Task requirements. State how many lines of the records contain the string "union", and give no other information.

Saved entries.
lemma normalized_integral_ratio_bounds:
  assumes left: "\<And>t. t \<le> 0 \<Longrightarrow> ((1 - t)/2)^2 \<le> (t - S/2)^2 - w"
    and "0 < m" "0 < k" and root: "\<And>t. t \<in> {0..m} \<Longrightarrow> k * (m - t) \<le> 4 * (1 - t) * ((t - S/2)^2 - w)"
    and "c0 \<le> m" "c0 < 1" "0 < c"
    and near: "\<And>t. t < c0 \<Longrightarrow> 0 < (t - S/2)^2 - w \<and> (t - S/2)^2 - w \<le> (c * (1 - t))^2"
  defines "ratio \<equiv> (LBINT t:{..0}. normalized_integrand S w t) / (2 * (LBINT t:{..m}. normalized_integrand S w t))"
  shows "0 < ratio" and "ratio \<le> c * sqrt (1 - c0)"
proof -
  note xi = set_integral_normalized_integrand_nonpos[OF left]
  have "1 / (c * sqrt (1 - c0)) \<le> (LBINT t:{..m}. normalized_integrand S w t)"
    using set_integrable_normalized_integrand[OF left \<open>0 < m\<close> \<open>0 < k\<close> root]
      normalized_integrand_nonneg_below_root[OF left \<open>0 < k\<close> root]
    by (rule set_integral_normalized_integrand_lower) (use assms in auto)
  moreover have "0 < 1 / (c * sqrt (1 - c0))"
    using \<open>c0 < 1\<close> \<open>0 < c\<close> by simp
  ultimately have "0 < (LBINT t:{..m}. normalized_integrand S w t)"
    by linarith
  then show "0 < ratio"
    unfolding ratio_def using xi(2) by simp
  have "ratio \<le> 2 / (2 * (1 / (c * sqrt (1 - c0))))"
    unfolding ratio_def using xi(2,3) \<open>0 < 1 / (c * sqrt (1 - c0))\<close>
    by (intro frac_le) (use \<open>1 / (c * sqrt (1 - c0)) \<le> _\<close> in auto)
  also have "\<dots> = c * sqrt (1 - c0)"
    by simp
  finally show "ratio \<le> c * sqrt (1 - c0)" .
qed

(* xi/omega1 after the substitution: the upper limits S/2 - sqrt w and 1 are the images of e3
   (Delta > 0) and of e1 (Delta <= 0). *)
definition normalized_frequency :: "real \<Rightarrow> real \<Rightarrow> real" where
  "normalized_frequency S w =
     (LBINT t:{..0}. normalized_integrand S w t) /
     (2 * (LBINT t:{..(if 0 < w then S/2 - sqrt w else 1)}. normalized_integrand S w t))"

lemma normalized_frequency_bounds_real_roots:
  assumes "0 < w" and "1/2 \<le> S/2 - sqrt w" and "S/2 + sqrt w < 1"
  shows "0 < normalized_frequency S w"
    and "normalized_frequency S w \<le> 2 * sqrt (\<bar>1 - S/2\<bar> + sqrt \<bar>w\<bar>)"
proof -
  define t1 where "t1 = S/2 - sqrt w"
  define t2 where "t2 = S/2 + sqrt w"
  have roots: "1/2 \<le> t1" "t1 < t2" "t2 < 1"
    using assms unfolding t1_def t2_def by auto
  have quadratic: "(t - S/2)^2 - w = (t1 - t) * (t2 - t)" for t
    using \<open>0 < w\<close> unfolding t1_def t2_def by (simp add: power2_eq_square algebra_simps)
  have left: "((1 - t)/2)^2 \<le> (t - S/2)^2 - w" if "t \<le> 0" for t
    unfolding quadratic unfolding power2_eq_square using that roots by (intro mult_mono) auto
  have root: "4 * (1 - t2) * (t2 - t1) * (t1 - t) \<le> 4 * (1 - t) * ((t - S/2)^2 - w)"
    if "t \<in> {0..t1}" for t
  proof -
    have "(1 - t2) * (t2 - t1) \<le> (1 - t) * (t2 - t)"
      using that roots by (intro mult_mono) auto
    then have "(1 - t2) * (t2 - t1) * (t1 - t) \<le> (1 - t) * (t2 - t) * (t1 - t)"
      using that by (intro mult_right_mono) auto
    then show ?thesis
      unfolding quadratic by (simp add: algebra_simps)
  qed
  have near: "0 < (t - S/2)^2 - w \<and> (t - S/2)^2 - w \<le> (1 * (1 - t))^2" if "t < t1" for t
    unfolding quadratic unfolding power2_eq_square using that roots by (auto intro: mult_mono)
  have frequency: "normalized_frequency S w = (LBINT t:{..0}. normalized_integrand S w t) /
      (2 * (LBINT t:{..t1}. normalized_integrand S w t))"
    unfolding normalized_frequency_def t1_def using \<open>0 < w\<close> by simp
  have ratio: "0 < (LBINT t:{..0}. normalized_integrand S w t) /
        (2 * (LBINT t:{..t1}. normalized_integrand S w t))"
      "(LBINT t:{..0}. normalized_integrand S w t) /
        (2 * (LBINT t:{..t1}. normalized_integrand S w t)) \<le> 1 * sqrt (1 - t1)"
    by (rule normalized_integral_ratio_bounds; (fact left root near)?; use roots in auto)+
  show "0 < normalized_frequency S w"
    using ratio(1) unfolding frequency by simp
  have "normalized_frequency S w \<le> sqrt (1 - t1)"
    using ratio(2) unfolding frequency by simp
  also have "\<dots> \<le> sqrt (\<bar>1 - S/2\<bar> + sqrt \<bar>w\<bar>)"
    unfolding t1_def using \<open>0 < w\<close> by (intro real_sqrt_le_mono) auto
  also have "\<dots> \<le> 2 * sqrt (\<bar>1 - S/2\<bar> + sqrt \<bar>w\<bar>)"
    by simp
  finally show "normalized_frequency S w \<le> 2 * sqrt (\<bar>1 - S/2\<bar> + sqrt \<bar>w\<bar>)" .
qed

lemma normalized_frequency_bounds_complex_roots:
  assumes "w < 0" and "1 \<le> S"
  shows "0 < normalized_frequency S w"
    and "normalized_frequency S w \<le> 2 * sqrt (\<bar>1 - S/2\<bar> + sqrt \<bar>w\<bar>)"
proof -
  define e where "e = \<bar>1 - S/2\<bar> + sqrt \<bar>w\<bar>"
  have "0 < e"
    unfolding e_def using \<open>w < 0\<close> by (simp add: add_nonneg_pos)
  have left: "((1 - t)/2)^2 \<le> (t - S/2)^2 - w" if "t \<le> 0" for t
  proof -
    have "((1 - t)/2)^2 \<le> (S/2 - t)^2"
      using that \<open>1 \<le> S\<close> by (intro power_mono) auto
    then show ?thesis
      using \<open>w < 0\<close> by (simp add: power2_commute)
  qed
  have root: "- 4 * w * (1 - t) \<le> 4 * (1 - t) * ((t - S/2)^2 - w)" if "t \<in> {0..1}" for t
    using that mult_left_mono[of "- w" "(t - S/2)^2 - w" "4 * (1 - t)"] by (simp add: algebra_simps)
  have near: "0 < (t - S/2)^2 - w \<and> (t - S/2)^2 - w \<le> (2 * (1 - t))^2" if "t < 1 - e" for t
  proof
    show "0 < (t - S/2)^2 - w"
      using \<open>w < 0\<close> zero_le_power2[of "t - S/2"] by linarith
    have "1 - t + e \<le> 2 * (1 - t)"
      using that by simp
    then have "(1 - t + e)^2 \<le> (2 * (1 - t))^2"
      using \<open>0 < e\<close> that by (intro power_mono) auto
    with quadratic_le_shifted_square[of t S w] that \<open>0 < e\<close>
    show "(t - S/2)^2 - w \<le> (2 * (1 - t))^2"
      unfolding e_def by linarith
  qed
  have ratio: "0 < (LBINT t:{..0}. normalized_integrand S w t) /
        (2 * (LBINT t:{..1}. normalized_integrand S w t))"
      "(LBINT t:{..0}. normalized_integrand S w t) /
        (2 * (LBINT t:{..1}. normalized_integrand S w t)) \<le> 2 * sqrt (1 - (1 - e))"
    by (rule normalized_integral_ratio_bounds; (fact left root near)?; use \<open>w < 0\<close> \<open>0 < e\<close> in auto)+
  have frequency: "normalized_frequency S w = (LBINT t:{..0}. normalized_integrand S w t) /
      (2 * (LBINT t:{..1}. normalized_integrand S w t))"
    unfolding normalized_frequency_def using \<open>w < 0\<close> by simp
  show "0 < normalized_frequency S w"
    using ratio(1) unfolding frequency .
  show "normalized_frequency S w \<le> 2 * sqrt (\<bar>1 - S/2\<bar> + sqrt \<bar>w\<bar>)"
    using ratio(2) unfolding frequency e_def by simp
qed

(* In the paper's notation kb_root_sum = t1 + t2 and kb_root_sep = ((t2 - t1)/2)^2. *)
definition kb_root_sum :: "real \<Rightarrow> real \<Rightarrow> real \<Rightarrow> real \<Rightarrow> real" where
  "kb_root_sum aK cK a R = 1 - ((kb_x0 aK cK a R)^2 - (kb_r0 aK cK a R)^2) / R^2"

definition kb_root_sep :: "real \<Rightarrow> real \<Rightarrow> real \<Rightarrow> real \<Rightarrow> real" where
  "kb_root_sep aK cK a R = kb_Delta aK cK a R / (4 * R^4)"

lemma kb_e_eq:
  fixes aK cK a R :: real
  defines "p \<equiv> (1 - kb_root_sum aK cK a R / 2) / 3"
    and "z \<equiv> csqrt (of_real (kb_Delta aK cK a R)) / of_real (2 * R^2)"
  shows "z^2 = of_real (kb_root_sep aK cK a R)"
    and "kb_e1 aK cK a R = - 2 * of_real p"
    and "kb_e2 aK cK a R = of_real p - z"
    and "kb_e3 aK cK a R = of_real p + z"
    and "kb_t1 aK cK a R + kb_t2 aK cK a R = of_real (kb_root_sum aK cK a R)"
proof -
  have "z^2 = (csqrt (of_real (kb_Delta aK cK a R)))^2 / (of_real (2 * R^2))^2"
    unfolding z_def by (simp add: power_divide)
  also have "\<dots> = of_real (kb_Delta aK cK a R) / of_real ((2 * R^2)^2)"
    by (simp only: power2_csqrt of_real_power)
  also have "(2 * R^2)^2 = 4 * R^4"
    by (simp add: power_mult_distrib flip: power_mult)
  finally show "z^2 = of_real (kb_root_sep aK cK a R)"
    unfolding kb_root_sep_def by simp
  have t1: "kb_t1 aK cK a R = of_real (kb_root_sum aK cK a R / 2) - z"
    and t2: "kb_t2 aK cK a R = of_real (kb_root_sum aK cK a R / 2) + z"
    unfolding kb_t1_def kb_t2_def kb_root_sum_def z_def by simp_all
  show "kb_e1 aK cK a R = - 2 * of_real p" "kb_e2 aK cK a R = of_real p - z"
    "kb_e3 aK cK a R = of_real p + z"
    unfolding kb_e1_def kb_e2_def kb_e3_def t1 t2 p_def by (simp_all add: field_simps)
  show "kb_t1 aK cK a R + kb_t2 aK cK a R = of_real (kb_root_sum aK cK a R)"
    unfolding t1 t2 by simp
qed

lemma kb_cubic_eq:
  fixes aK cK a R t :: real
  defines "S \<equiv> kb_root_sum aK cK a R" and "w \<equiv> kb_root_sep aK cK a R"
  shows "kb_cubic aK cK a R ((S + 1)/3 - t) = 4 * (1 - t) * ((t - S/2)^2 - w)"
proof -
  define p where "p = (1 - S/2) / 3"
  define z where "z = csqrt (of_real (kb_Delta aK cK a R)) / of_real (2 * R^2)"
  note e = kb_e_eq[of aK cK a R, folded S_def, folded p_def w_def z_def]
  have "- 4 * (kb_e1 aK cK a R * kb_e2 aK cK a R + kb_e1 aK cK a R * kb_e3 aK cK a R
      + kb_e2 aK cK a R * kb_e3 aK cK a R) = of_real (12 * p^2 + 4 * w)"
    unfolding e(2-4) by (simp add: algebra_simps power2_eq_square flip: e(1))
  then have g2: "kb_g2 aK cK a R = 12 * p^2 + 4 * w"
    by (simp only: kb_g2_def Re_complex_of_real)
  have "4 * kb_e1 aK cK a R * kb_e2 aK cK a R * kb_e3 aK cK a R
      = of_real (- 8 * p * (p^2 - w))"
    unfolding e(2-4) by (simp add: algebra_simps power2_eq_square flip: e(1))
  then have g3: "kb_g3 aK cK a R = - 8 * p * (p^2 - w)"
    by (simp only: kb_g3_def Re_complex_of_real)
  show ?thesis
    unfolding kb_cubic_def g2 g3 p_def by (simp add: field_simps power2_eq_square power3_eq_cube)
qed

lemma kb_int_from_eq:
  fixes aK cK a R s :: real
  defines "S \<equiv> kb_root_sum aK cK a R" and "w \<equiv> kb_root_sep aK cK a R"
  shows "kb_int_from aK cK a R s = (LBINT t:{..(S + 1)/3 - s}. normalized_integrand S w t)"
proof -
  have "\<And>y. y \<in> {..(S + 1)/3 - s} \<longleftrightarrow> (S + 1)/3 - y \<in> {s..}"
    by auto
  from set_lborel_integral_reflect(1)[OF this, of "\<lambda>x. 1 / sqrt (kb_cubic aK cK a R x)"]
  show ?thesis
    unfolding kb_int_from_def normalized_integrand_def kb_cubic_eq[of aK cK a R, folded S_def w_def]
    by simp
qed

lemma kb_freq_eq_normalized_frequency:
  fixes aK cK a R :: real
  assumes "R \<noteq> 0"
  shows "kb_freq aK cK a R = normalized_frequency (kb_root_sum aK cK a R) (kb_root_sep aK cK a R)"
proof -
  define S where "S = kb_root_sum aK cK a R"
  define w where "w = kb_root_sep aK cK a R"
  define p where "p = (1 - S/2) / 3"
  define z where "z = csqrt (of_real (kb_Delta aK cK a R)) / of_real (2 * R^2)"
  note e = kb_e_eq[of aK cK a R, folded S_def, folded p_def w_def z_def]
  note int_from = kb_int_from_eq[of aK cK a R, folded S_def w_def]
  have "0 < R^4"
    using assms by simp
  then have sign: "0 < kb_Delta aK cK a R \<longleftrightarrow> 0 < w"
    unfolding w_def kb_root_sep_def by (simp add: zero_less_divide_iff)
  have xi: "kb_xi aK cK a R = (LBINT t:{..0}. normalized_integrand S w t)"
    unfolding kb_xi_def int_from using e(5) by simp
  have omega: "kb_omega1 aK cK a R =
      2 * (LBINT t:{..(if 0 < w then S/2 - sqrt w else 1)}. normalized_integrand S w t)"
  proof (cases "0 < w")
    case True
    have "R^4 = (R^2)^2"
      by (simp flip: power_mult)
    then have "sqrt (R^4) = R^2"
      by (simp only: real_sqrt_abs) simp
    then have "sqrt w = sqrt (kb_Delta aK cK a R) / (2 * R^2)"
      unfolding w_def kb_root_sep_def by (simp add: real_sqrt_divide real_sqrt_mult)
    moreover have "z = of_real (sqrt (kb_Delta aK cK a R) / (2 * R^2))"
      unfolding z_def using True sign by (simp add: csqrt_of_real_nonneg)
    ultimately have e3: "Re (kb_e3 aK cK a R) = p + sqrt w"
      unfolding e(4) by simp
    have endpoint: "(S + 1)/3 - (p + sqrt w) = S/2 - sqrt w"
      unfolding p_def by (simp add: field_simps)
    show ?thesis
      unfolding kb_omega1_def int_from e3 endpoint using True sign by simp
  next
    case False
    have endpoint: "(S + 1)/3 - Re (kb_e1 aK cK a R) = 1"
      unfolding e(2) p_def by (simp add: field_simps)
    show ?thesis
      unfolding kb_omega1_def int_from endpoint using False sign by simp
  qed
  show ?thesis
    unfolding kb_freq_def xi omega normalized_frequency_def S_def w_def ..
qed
--
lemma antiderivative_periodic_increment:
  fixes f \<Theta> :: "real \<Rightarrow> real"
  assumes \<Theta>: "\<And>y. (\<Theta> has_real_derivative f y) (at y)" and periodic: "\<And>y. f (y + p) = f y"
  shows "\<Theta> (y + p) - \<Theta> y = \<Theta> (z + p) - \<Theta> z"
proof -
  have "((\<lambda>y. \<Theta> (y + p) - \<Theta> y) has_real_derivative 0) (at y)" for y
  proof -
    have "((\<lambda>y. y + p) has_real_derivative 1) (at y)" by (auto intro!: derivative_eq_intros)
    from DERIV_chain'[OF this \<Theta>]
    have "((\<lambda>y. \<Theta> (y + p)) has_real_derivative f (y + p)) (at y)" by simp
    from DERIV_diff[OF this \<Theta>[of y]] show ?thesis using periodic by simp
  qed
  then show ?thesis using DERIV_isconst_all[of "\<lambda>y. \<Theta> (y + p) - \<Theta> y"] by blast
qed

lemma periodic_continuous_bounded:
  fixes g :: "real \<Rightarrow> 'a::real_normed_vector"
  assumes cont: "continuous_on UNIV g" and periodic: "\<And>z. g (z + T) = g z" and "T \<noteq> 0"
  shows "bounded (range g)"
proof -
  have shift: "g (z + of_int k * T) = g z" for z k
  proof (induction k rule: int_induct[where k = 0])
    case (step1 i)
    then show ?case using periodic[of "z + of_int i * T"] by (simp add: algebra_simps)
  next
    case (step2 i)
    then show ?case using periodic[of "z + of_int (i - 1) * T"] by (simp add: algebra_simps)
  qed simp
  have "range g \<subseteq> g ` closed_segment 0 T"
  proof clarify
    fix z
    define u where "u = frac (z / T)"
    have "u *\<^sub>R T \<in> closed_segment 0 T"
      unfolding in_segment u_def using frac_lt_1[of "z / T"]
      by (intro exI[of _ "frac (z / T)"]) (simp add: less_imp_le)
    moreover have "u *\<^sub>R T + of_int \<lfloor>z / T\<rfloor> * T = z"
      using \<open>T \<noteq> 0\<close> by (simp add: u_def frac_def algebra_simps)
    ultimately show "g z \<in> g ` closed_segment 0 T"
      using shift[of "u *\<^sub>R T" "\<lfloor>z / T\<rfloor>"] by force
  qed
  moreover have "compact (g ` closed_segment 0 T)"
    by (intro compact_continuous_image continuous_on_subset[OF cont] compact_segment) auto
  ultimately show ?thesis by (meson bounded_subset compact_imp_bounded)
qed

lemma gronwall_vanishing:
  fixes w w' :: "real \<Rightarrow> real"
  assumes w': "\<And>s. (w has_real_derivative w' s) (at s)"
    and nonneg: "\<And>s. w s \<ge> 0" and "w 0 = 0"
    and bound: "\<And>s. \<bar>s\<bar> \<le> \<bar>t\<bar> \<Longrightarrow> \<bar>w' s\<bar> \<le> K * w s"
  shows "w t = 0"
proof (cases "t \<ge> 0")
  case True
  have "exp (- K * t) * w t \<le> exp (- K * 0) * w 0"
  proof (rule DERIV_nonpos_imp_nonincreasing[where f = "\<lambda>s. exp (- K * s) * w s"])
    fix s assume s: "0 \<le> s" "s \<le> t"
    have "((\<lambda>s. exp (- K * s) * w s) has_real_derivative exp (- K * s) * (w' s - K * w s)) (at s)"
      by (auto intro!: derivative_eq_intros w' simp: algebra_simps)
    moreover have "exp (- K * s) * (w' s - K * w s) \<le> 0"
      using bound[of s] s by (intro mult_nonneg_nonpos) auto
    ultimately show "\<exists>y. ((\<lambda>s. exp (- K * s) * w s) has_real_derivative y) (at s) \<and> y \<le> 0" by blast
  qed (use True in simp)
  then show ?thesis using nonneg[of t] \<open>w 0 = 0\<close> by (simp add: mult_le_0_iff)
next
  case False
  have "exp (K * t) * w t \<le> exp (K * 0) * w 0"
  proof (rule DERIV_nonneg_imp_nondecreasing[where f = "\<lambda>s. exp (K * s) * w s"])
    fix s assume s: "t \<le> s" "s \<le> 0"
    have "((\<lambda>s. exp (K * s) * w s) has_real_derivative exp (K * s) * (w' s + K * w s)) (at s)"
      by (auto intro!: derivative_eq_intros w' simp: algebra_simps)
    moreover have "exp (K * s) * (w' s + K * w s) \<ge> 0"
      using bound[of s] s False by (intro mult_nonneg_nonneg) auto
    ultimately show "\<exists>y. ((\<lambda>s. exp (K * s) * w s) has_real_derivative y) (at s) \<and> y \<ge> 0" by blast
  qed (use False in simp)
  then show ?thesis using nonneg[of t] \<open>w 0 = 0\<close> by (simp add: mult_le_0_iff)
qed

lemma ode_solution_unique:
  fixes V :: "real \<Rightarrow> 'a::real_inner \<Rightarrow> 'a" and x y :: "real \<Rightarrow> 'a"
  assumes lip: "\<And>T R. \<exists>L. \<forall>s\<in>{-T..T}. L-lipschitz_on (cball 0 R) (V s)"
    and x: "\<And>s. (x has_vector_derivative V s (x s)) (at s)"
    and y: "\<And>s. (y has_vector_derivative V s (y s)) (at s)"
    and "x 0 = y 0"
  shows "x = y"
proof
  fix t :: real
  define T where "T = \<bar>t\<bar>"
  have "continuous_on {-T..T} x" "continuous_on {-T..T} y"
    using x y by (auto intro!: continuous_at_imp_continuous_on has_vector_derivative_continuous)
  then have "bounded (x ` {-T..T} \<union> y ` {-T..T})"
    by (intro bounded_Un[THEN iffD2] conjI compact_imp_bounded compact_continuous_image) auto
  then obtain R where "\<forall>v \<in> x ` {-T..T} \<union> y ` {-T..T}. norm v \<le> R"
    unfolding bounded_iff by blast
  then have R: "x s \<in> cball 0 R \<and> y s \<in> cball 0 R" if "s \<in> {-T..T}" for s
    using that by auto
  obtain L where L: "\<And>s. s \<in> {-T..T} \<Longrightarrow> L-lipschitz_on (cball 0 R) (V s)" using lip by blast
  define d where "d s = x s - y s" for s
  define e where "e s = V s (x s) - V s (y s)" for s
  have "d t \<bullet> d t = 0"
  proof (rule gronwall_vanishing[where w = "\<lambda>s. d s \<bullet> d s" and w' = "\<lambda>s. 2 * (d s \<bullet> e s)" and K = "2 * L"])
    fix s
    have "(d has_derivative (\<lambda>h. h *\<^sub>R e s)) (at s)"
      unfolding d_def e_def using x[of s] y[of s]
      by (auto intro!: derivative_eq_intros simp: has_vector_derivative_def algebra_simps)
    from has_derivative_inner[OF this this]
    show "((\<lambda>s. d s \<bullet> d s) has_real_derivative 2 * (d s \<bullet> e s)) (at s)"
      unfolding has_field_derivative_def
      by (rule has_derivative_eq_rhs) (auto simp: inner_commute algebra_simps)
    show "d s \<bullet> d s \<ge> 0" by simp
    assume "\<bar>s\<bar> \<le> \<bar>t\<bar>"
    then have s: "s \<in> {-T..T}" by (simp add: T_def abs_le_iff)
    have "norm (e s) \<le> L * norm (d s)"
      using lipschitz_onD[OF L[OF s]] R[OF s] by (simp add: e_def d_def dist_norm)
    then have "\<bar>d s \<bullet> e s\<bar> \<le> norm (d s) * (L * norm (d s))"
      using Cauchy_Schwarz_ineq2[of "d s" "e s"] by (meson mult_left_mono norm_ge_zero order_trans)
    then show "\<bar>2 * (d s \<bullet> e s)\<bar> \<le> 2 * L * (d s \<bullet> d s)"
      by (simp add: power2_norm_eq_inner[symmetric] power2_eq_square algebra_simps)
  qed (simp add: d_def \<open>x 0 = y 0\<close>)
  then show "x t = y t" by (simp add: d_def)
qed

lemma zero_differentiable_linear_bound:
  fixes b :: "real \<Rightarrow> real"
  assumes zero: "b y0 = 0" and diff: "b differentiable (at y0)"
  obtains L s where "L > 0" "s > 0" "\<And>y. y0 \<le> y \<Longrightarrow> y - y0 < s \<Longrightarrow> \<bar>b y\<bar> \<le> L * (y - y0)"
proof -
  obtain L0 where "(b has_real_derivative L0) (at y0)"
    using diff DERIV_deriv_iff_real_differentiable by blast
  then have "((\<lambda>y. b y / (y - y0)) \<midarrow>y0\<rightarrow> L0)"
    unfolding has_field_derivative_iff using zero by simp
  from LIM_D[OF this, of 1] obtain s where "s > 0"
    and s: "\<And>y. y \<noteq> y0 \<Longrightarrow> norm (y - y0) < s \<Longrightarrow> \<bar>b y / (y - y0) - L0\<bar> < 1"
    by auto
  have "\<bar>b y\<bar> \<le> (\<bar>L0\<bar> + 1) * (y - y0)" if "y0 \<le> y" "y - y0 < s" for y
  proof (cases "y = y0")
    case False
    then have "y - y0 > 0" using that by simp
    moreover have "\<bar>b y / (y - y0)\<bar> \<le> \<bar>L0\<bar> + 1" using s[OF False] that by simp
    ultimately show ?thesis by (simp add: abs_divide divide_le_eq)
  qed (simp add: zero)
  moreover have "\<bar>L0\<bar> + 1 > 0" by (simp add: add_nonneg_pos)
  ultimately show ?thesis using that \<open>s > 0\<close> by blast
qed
* * *
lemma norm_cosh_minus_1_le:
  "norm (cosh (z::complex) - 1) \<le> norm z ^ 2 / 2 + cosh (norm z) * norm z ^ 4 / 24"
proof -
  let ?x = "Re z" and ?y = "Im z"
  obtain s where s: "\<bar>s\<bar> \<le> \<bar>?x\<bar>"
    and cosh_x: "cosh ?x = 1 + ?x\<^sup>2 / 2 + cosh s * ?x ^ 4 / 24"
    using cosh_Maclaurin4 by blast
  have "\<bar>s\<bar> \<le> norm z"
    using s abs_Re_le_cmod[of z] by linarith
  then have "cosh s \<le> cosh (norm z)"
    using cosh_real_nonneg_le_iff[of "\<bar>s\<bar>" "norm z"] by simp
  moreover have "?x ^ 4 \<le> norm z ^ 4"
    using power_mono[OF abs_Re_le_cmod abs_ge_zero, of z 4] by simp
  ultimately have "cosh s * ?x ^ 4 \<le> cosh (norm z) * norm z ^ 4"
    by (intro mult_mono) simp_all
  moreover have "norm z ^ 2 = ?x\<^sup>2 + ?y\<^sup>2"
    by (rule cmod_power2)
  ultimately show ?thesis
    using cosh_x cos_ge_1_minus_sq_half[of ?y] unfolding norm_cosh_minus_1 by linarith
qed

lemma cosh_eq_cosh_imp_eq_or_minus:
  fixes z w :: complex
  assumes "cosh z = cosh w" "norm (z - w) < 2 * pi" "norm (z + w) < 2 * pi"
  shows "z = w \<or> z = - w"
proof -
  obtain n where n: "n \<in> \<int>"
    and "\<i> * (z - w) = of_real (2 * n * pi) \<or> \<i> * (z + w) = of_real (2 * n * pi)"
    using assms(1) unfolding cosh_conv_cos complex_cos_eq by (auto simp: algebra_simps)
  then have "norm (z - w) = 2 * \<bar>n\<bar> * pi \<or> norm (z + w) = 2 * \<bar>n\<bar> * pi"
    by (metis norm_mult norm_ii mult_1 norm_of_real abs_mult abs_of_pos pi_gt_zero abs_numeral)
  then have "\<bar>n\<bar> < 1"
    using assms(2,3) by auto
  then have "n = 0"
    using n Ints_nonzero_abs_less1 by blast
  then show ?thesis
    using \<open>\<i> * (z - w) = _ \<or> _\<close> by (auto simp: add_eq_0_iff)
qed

Answer. 2